Fear of a breach can result in knee jerk safety measures. I remember ten years ago, when the answer to the early viruses, I love you and the like was to switch off the email systems.
It would be a terrible pity if the risk mitigation response to digital innovation was simply to unplug the PC and throw away the i-pad. The digital revolution has brought massive and enduring benefits to our communities and large efficiency savings to our businesses. We simply need to become more sophisticated in meeting the inevitable downside.

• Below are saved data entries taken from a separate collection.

(* Let $d\ge 2$ be an integer, $D\in\{d,-d\}$, and let $a_1,\dots,a_d$ be integers forming a complete system of residues modulo $d$, so that $S=\{a_i \bmod D : 1\le i\le d\}$ is an exact covering system. Then every integer $n$ can be expressed as $n=\sum_{j=0}^k b_jD^j$ with $b_j\in\{a_1,\dots,a_d\}$ for some $k\in\mathbb{N}$ if and only if $G_S$ is (weakly) connected and its unique directed cycle contains $0$. Moreover, in that case the representation is unique up to leading copies of the block of digits of the cycle: if the cycle is $0=c_0\to c_1\to\cdots\to c_L=0$ with $c_t=Dc_{t-1}+e_t$, $e_t\in\{a_1,\dots,a_d\}$, then any two representations $\sum_{j=0}^k b_jD^j$ of the same integer $n$ differ only in that one is obtained from the other by prepending, in the most significant positions, some number of copies of the digit string $e_1e_2\cdots e_L$ (written most significant digit first).
   Context: For $D=\pm d$, $n\equiv a \bmod D$ means $n\equiv a \bmod d$. The exact covering system digraph $G_S=G(Dn+a_1,\dots,Dn+a_d)$ has vertex set $\mathbb{Z}$ and edges $(n,Dn+a_i)$ for all $n\in\mathbb{Z}$ and $1\le i\le d$ (the $a_i$ are considered as specific representatives). Connectedness refers to the underlying undirected graph; cycles are directed cycles, loops included. Every vertex has indegree one, and when $G_S$ is connected it has exactly one directed cycle. Writing a representation as the digit string $b_kb_{k-1}\cdots b_0$, prepending a block $e_1\cdots e_L$ produces the string $e_1\cdots e_Lb_k\cdots b_0$. *)

theory Defs
  imports Main
begin

text \<open>Digit strings are lists written most significant digit first:
  the list [b_k, ..., b_0] has value sum_{j=0}^k b_j D^j.\<close>
definition digits_value :: "int \<Rightarrow> int list \<Rightarrow> int" where
  "digits_value D bs = (\<Sum>j<length bs. rev bs ! j * D ^ j)"

text \<open>bs is a representation of n in base D with digits from A (k in N, so at least one digit).\<close>
definition is_rep :: "int \<Rightarrow> int set \<Rightarrow> int \<Rightarrow> int list \<Rightarrow> bool" where
  "is_rep D A n bs \<longleftrightarrow> bs \<noteq> [] \<and> set bs \<subseteq> A \<and> digits_value D bs = n"

definition cs_edges :: "int \<Rightarrow> int set \<Rightarrow> (int \<times> int) set" where
  "cs_edges D A = {(n, D * n + a) | n a. a \<in> A}"

definition weakly_connected :: "('v \<times> 'v) set \<Rightarrow> bool" where
  "weakly_connected E \<longleftrightarrow> (\<forall>x y. (x, y) \<in> (E \<union> E\<inverse>)\<^sup>*)"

Today I hope that we will all improve our understanding of cyber risk and particularly how the insurance industry can develop products to help businesses mitigate risks arising in the digital domain. This is still a relatively new area. Digital policies are worth about $600 million to the industry, but this figure is growing fast, at 15-25%. And developing innovative new policies is an area in which Lloyd’s excels. In 1907, we offered American drivers their first automobile policies in 1907. After the World Trade Center tragedy, Lloyd’s was one of only two insurers to quote a policy for the Golden Gate Bridge which did not exclude terrorism.
We understand that risk is not bad, it just needs to be managed. This very beautiful city is a case in point. It is built on a delicate network of fault lines. But San Francisco has always survived the disasters which periodically befall it. Lloyd’s is very proud to have helped the city to rebuild in both 1906 and in 1989. The fact that over the last few decades, this area has become the centre of the fast growing, highly innovative, global IT industry is no surprise. These digital entrepreneurs are the heirs of the 49ers, pioneers who are grasping the opportunities of the day.
However, innovative industries always needs support from insurance, because new activities are inherently more risky than the tried and tested. Insurance has supported most major inventions as they travel from the drawing board to the market. I hope that today, we can look at how insurance can help businesses to manage their digital risks.
We are delighted to have a very distinguished and knowledgeable group of experts on cyber security and risks here to speak to you today. I would particularly like to thank Jenny Menna for taking time out of her busy schedule to provide an insight into how the US national cyber security division is tackling this issue of critical importance. And there should be no person better qualified than the Chief Information Security Officer of Intel – Malcolm Harkins - to provide guidance to business on how to tackle this growing digital threat.
We’re also very pleased to have Prith Banerjee, the senior vice-president for research at Hewlett Packard to provide an overview of the key findings from our joint report published today. And thanks to all our panel speakers who will get to grips with how practically companies can begin to tackle these threats.
I would now like to hand over to Thomas Goetz, who has very kindly agreed to chair our conference. As executive editor of WIRED Magazine, Thomas is ideally placed to lead discussions today and seek answers from our speakers on how to manage digital risks.